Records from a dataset

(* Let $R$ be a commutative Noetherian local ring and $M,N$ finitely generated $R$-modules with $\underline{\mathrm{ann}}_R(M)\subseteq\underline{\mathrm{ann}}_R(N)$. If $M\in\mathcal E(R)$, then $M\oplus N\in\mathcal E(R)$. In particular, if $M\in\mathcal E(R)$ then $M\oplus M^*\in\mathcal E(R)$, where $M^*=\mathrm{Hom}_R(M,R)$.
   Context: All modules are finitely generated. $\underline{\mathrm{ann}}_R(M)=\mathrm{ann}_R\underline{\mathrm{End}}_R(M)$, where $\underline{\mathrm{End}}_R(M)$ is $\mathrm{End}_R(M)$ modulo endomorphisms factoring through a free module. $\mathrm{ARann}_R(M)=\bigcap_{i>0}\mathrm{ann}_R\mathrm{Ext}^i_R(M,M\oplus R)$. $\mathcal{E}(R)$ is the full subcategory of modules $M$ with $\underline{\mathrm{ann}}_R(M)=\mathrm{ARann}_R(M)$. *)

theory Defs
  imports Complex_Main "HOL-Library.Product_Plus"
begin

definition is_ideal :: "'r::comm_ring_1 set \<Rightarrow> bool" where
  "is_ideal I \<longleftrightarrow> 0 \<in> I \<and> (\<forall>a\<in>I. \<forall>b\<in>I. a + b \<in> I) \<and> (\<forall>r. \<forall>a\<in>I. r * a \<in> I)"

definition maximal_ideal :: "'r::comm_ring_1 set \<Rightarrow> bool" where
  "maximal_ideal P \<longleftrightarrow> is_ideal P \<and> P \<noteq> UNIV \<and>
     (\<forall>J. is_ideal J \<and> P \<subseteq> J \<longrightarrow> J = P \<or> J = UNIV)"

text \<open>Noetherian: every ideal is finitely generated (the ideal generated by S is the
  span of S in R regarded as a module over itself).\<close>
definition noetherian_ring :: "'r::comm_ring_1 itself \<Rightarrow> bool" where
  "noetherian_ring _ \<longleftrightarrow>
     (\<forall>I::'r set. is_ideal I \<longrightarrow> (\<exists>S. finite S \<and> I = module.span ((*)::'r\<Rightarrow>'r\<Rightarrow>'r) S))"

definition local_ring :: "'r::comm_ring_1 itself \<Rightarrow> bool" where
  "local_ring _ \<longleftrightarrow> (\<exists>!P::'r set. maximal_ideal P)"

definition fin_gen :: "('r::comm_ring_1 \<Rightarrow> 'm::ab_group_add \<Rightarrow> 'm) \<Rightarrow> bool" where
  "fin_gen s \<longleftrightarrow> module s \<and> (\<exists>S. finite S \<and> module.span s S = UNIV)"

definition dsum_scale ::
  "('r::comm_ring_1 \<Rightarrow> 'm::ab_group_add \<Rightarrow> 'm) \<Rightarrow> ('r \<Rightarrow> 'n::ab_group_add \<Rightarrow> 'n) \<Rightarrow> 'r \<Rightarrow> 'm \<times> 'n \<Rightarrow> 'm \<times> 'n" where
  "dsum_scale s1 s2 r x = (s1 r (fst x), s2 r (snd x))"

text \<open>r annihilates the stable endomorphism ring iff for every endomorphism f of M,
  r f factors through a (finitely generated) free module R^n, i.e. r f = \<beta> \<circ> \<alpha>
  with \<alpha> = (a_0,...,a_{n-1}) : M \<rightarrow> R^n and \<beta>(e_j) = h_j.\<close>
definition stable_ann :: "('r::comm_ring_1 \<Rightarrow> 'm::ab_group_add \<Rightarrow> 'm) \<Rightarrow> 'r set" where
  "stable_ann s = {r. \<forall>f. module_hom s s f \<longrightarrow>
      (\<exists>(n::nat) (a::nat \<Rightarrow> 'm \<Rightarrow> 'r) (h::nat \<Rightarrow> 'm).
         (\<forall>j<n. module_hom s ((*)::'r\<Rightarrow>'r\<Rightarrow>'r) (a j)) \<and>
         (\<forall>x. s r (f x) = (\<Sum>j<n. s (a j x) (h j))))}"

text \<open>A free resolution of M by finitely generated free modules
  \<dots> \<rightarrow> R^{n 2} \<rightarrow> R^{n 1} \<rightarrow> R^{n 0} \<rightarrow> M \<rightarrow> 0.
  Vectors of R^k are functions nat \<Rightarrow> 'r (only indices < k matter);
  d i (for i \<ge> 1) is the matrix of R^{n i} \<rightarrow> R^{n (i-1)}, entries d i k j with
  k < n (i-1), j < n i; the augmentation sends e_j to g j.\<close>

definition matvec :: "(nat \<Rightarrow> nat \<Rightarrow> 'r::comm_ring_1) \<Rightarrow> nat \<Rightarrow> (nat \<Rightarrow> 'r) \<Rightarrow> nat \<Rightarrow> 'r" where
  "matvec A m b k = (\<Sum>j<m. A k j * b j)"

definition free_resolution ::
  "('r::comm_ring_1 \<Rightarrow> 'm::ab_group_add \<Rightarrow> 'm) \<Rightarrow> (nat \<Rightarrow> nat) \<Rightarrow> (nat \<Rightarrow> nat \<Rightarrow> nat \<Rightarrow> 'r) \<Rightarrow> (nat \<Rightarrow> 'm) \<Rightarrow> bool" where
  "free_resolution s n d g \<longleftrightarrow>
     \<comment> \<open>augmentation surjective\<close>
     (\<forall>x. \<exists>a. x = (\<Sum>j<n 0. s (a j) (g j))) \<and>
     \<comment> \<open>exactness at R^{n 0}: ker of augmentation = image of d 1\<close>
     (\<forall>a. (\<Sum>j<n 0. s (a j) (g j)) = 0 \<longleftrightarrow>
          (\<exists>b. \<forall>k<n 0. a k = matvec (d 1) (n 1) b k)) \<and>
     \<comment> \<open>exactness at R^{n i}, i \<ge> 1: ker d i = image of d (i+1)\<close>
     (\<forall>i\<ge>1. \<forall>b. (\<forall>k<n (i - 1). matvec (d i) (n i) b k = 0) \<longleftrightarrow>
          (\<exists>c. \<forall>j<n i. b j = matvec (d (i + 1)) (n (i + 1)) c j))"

-- WORK TASK --
Among the lines above, return each one holding the string "UNIV".

-- SOLUTION FOR THIS PROBLEM --
  "maximal_ideal P \<longleftrightarrow> is_ideal P \<and> P \<noteq> UNIV \<and>
     (\<forall>J. is_ideal J \<and> P \<subseteq> J \<longrightarrow> J = P \<or> J = UNIV)"
  "fin_gen s \<longleftrightarrow> module s \<and> (\<exists>S. finite S \<and> module.span s S = UNIV)"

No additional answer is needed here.